[Stored data entries]
section \<open>The function \<open>u0\<close>\<close>

lemma inverse_add_diff_inverse_add_cnj:
  assumes "Im \<alpha> \<noteq> 0"
  shows "1 / (of_real s + \<alpha>) - 1 / (of_real s + cnj \<alpha>) =
    - (\<alpha> - cnj \<alpha>) * of_real (1 / (cmod (of_real s + \<alpha>))\<^sup>2)"
proof -
  let ?z = "of_real s + \<alpha>"
  have "?z \<noteq> 0" "cnj ?z \<noteq> 0"
    using assms by (auto simp: complex_eq_iff)
  moreover have "complex_of_real (1 / (cmod ?z)\<^sup>2) = 1 / (?z * cnj ?z)"
    by (simp only: of_real_divide of_real_1 complex_norm_square)
  ultimately show ?thesis
    by (simp add: field_simps)
qed

lemma integrable_inverse_norm_square_plus:
  assumes "Im \<alpha> \<noteq> 0"
  shows "integrable lborel (\<lambda>t. 1 / (cmod (of_real (t\<^sup>2) + \<alpha>))\<^sup>2)"
proof -
  have nonpos: "\<alpha> \<notin> \<real>\<^sub>\<le>\<^sub>0" "cnj \<alpha> \<notin> \<real>\<^sub>\<le>\<^sub>0"
    using assms by (auto simp: complex_nonpos_Reals_iff)
  have "\<alpha> - cnj \<alpha> \<noteq> 0"
    using assms by (auto simp: complex_eq_iff)
  then have cancel: "- 1 / (\<alpha> - cnj \<alpha>) * (- (\<alpha> - cnj \<alpha>) * y) = y" for y
    by (simp add: field_simps)
  have "(\<lambda>t. - 1 / (\<alpha> - cnj \<alpha>) * (1 / (of_real (t\<^sup>2) + \<alpha>) - 1 / (of_real (t\<^sup>2) + cnj \<alpha>))) =
      (\<lambda>t. complex_of_real (1 / (cmod (of_real (t\<^sup>2) + \<alpha>))\<^sup>2))"
    unfolding inverse_add_diff_inverse_add_cnj[OF assms] cancel ..
  moreover have "integrable lborel
      (\<lambda>t. - 1 / (\<alpha> - cnj \<alpha>) * (1 / (of_real (t\<^sup>2) + \<alpha>) - 1 / (of_real (t\<^sup>2) + cnj \<alpha>)))"
    by (intro integrable_mult_right Bochner_Integration.integrable_diff
        integrable_inverse_square_plus nonpos)
  ultimately show ?thesis
    by (simp only: complex_of_real_integrable_eq)
qed

lemma u0_eq_gaussian_transform:
  assumes "Im \<alpha> \<noteq> 0" "\<beta> = cnj \<alpha>" "0 \<le> \<tau>"
  shows "u0 \<kappa> \<alpha> \<beta> \<tau> =
    of_real (1 - 2 / pi * sqrt \<kappa> * gaussian_transform (\<lambda>t. 1 / (cmod (of_real (t\<^sup>2) + \<alpha>))\<^sup>2) \<tau>)"
proof -
  let ?L = "gaussian_transform (\<lambda>t. 1 / (cmod (of_real (t\<^sup>2) + \<alpha>))\<^sup>2) \<tau>"
  have nonpos: "\<alpha> \<notin> \<real>\<^sub>\<le>\<^sub>0" "\<beta> \<notin> \<real>\<^sub>\<le>\<^sub>0"
    using assms(1,2) by (auto simp: complex_nonpos_Reals_iff)
  have "\<alpha> - \<beta> \<noteq> 0"
    using assms(1,2) by (auto simp: complex_eq_iff)
  have "exp_erfc \<alpha> \<tau> - exp_erfc \<beta> \<tau> = of_real (2 / pi) *
      gaussian_transform (\<lambda>t. 1 / (of_real (t\<^sup>2) + \<alpha>) - 1 / (of_real (t\<^sup>2) + \<beta>)) \<tau>"
    unfolding exp_erfc_eq_gaussian_transform[OF nonpos(1) assms(3)]
      exp_erfc_eq_gaussian_transform[OF nonpos(2) assms(3)]
      gaussian_transform_diff[OF integrable_inverse_square_plus[OF nonpos(1)]
        integrable_inverse_square_plus[OF nonpos(2)] assms(3)]
    by (simp only: right_diff_distrib)
  also have "(\<lambda>t. 1 / (of_real (t\<^sup>2) + \<alpha>) - 1 / (of_real (t\<^sup>2) + \<beta>)) =
      (\<lambda>t. - (\<alpha> - \<beta>) * of_real (1 / (cmod (of_real (t\<^sup>2) + \<alpha>))\<^sup>2))"
    unfolding assms(2) inverse_add_diff_inverse_add_cnj[OF assms(1)] ..
  also have "gaussian_transform \<dots> \<tau> = - (\<alpha> - \<beta>) * of_real ?L"
    by (simp only: gaussian_transform_mult_left gaussian_transform_of_real)
  finally have diff: "exp_erfc \<alpha> \<tau> - exp_erfc \<beta> \<tau> = of_real (2 / pi) * (- (\<alpha> - \<beta>) * of_real ?L)" .
  have cancel: "x / (\<alpha> - \<beta>) * (y * (- (\<alpha> - \<beta>) * z)) = - (y * x * z)" for x y z :: complex
    using \<open>\<alpha> - \<beta> \<noteq> 0\<close> by (simp add: field_simps)
  show ?thesis
    unfolding u0_eq_exp_erfc diff cancel by simp
qed

lemma Re_u0_has_positive_derivative:
  assumes "0 < \<kappa>" "Im \<alpha> \<noteq> 0" "\<beta> = cnj \<alpha>" "0 < \<tau>"
  obtains D where "((\<lambda>t. Re (u0 \<kappa> \<alpha> \<beta> t)) has_real_derivative D) (at \<tau>)" "0 < D"
proof -
  let ?g = "\<lambda>t::real. 1 / (cmod (of_real (t\<^sup>2) + \<alpha>))\<^sup>2"
  let ?L = "gaussian_transform ?g"
  let ?D = "2 / pi * sqrt \<kappa> * gaussian_transform (\<lambda>t. t\<^sup>2 *\<^sub>R ?g t) \<tau>"
  have int: "integrable lborel ?g"
    using assms(2) by (rule integrable_inverse_norm_square_plus)
  have "(?L has_real_derivative - gaussian_transform (\<lambda>t. t\<^sup>2 *\<^sub>R ?g t) \<tau>) (at \<tau>)"
    using has_vector_derivative_gaussian_transform[OF int assms(4)]
    by (simp add: has_real_derivative_iff_has_vector_derivative)
  then have "((\<lambda>t. 1 - 2 / pi * sqrt \<kappa> * ?L t) has_real_derivative ?D) (at \<tau>)"
    by (auto intro!: derivative_eq_intros)
  then have "((\<lambda>t. Re (u0 \<kappa> \<alpha> \<beta> t)) has_real_derivative ?D) (at \<tau>)"
    by (rule has_field_derivative_transform_within_open[where S = "{0<..}"])
       (use assms(4) u0_eq_gaussian_transform[OF assms(2,3)] in auto)
  moreover have "0 < gaussian_transform (\<lambda>t. t\<^sup>2 *\<^sub>R ?g t) \<tau>"
  proof (rule gaussian_transform_pos)
    show "integrable lborel (\<lambda>t. gaussian_kernel \<tau> t *\<^sub>R (t\<^sup>2 *\<^sub>R ?g t))"
      using int assms(4) by (rule integrable_gaussian_kernel_moment)
    show "0 < t\<^sup>2 *\<^sub>R ?g t" if "0 < t" for t
      using that assms(2) by (auto simp: complex_eq_iff)
  qed
  with assms(1) have "0 < ?D"
    by simp
  ultimately show ?thesis
    by (rule that)
qed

• About this task: Working through the records above, copy each one exactly.

• Answer to this problem:
section \<open>The function \<open>u0\<close>\<close>

lemma inverse_add_diff_inverse_add_cnj:
  assumes "Im \<alpha> \<noteq> 0"
  shows "1 / (of_real s + \<alpha>) - 1 / (of_real s + cnj \<alpha>) =
    - (\<alpha> - cnj \<alpha>) * of_real (1 / (cmod (of_real s + \<alpha>))\<^sup>2)"
proof -
  let ?z = "of_real s + \<alpha>"
  have "?z \<noteq> 0" "cnj ?z \<noteq> 0"
    using assms by (auto simp: complex_eq_iff)
  moreover have "complex_of_real (1 / (cmod ?z)\<^sup>2) = 1 / (?z * cnj ?z)"
    by (simp only: of_real_divide of_real_1 complex_norm_square)
  ultimately show ?thesis
    by (simp add: field_simps)
qed

lemma integrable_inverse_norm_square_plus:
  assumes "Im \<alpha> \<noteq> 0"
  shows "integrable lborel (\<lambda>t. 1 / (cmod (of_real (t\<^sup>2) + \<alpha>))\<^sup>2)"
proof -
  have nonpos: "\<alpha> \<notin> \<real>\<^sub>\<le>\<^sub>0" "cnj \<alpha> \<notin> \<real>\<^sub>\<le>\<^sub>0"
    using assms by (auto simp: complex_nonpos_Reals_iff)
  have "\<alpha> - cnj \<alpha> \<noteq> 0"
    using assms by (auto simp: complex_eq_iff)
  then have cancel: "- 1 / (\<alpha> - cnj \<alpha>) * (- (\<alpha> - cnj \<alpha>) * y) = y" for y
    by (simp add: field_simps)
  have "(\<lambda>t. - 1 / (\<alpha> - cnj \<alpha>) * (1 / (of_real (t\<^sup>2) + \<alpha>) - 1 / (of_real (t\<^sup>2) + cnj \<alpha>))) =
      (\<lambda>t. complex_of_real (1 / (cmod (of_real (t\<^sup>2) + \<alpha>))\<^sup>2))"
    unfolding inverse_add_diff_inverse_add_cnj[OF assms] cancel ..
  moreover have "integrable lborel
      (\<lambda>t. - 1 / (\<alpha> - cnj \<alpha>) * (1 / (of_real (t\<^sup>2) + \<alpha>) - 1 / (of_real (t\<^sup>2) + cnj \<alpha>)))"
    by (intro integrable_mult_right Bochner_Integration.integrable_diff
        integrable_inverse_square_plus nonpos)
  ultimately show ?thesis
    by (simp only: complex_of_real_integrable_eq)
qed

lemma u0_eq_gaussian_transform:
  assumes "Im \<alpha> \<noteq> 0" "\<beta> = cnj \<alpha>" "0 \<le> \<tau>"
  shows "u0 \<kappa> \<alpha> \<beta> \<tau> =
    of_real (1 - 2 / pi * sqrt \<kappa> * gaussian_transform (\<lambda>t. 1 / (cmod (of_real (t\<^sup>2) + \<alpha>))\<^sup>2) \<tau>)"
proof -
  let ?L = "gaussian_transform (\<lambda>t. 1 / (cmod (of_real (t\<^sup>2) + \<alpha>))\<^sup>2) \<tau>"
  have nonpos: "\<alpha> \<notin> \<real>\<^sub>\<le>\<^sub>0" "\<beta> \<notin> \<real>\<^sub>\<le>\<^sub>0"
    using assms(1,2) by (auto simp: complex_nonpos_Reals_iff)
  have "\<alpha> - \<beta> \<noteq> 0"
    using assms(1,2) by (auto simp: complex_eq_iff)
  have "exp_erfc \<alpha> \<tau> - exp_erfc \<beta> \<tau> = of_real (2 / pi) *
      gaussian_transform (\<lambda>t. 1 / (of_real (t\<^sup>2) + \<alpha>) - 1 / (of_real (t\<^sup>2) + \<beta>)) \<tau>"
    unfolding exp_erfc_eq_gaussian_transform[OF nonpos(1) assms(3)]
      exp_erfc_eq_gaussian_transform[OF nonpos(2) assms(3)]
      gaussian_transform_diff[OF integrable_inverse_square_plus[OF nonpos(1)]
        integrable_inverse_square_plus[OF nonpos(2)] assms(3)]
    by (simp only: right_diff_distrib)
  also have "(\<lambda>t. 1 / (of_real (t\<^sup>2) + \<alpha>) - 1 / (of_real (t\<^sup>2) + \<beta>)) =
      (\<lambda>t. - (\<alpha> - \<beta>) * of_real (1 / (cmod (of_real (t\<^sup>2) + \<alpha>))\<^sup>2))"
    unfolding assms(2) inverse_add_diff_inverse_add_cnj[OF assms(1)] ..
  also have "gaussian_transform \<dots> \<tau> = - (\<alpha> - \<beta>) * of_real ?L"
    by (simp only: gaussian_transform_mult_left gaussian_transform_of_real)
  finally have diff: "exp_erfc \<alpha> \<tau> - exp_erfc \<beta> \<tau> = of_real (2 / pi) * (- (\<alpha> - \<beta>) * of_real ?L)" .
  have cancel: "x / (\<alpha> - \<beta>) * (y * (- (\<alpha> - \<beta>) * z)) = - (y * x * z)" for x y z :: complex
    using \<open>\<alpha> - \<beta> \<noteq> 0\<close> by (simp add: field_simps)
  show ?thesis
    unfolding u0_eq_exp_erfc diff cancel by simp
qed

lemma Re_u0_has_positive_derivative:
  assumes "0 < \<kappa>" "Im \<alpha> \<noteq> 0" "\<beta> = cnj \<alpha>" "0 < \<tau>"
  obtains D where "((\<lambda>t. Re (u0 \<kappa> \<alpha> \<beta> t)) has_real_derivative D) (at \<tau>)" "0 < D"
proof -
  let ?g = "\<lambda>t::real. 1 / (cmod (of_real (t\<^sup>2) + \<alpha>))\<^sup>2"
  let ?L = "gaussian_transform ?g"
  let ?D = "2 / pi * sqrt \<kappa> * gaussian_transform (\<lambda>t. t\<^sup>2 *\<^sub>R ?g t) \<tau>"
  have int: "integrable lborel ?g"
    using assms(2) by (rule integrable_inverse_norm_square_plus)
  have "(?L has_real_derivative - gaussian_transform (\<lambda>t. t\<^sup>2 *\<^sub>R ?g t) \<tau>) (at \<tau>)"
    using has_vector_derivative_gaussian_transform[OF int assms(4)]
    by (simp add: has_real_derivative_iff_has_vector_derivative)
  then have "((\<lambda>t. 1 - 2 / pi * sqrt \<kappa> * ?L t) has_real_derivative ?D) (at \<tau>)"
    by (auto intro!: derivative_eq_intros)
  then have "((\<lambda>t. Re (u0 \<kappa> \<alpha> \<beta> t)) has_real_derivative ?D) (at \<tau>)"
    by (rule has_field_derivative_transform_within_open[where S = "{0<..}"])
       (use assms(4) u0_eq_gaussian_transform[OF assms(2,3)] in auto)
  moreover have "0 < gaussian_transform (\<lambda>t. t\<^sup>2 *\<^sub>R ?g t) \<tau>"
  proof (rule gaussian_transform_pos)
    show "integrable lborel (\<lambda>t. gaussian_kernel \<tau> t *\<^sub>R (t\<^sup>2 *\<^sub>R ?g t))"
      using int assms(4) by (rule integrable_gaussian_kernel_moment)
    show "0 < t\<^sup>2 *\<^sub>R ?g t" if "0 < t" for t
      using that assms(2) by (auto simp: complex_eq_iff)
  qed
  with assms(1) have "0 < ?D"
    by simp
  ultimately show ?thesis
    by (rule that)
qed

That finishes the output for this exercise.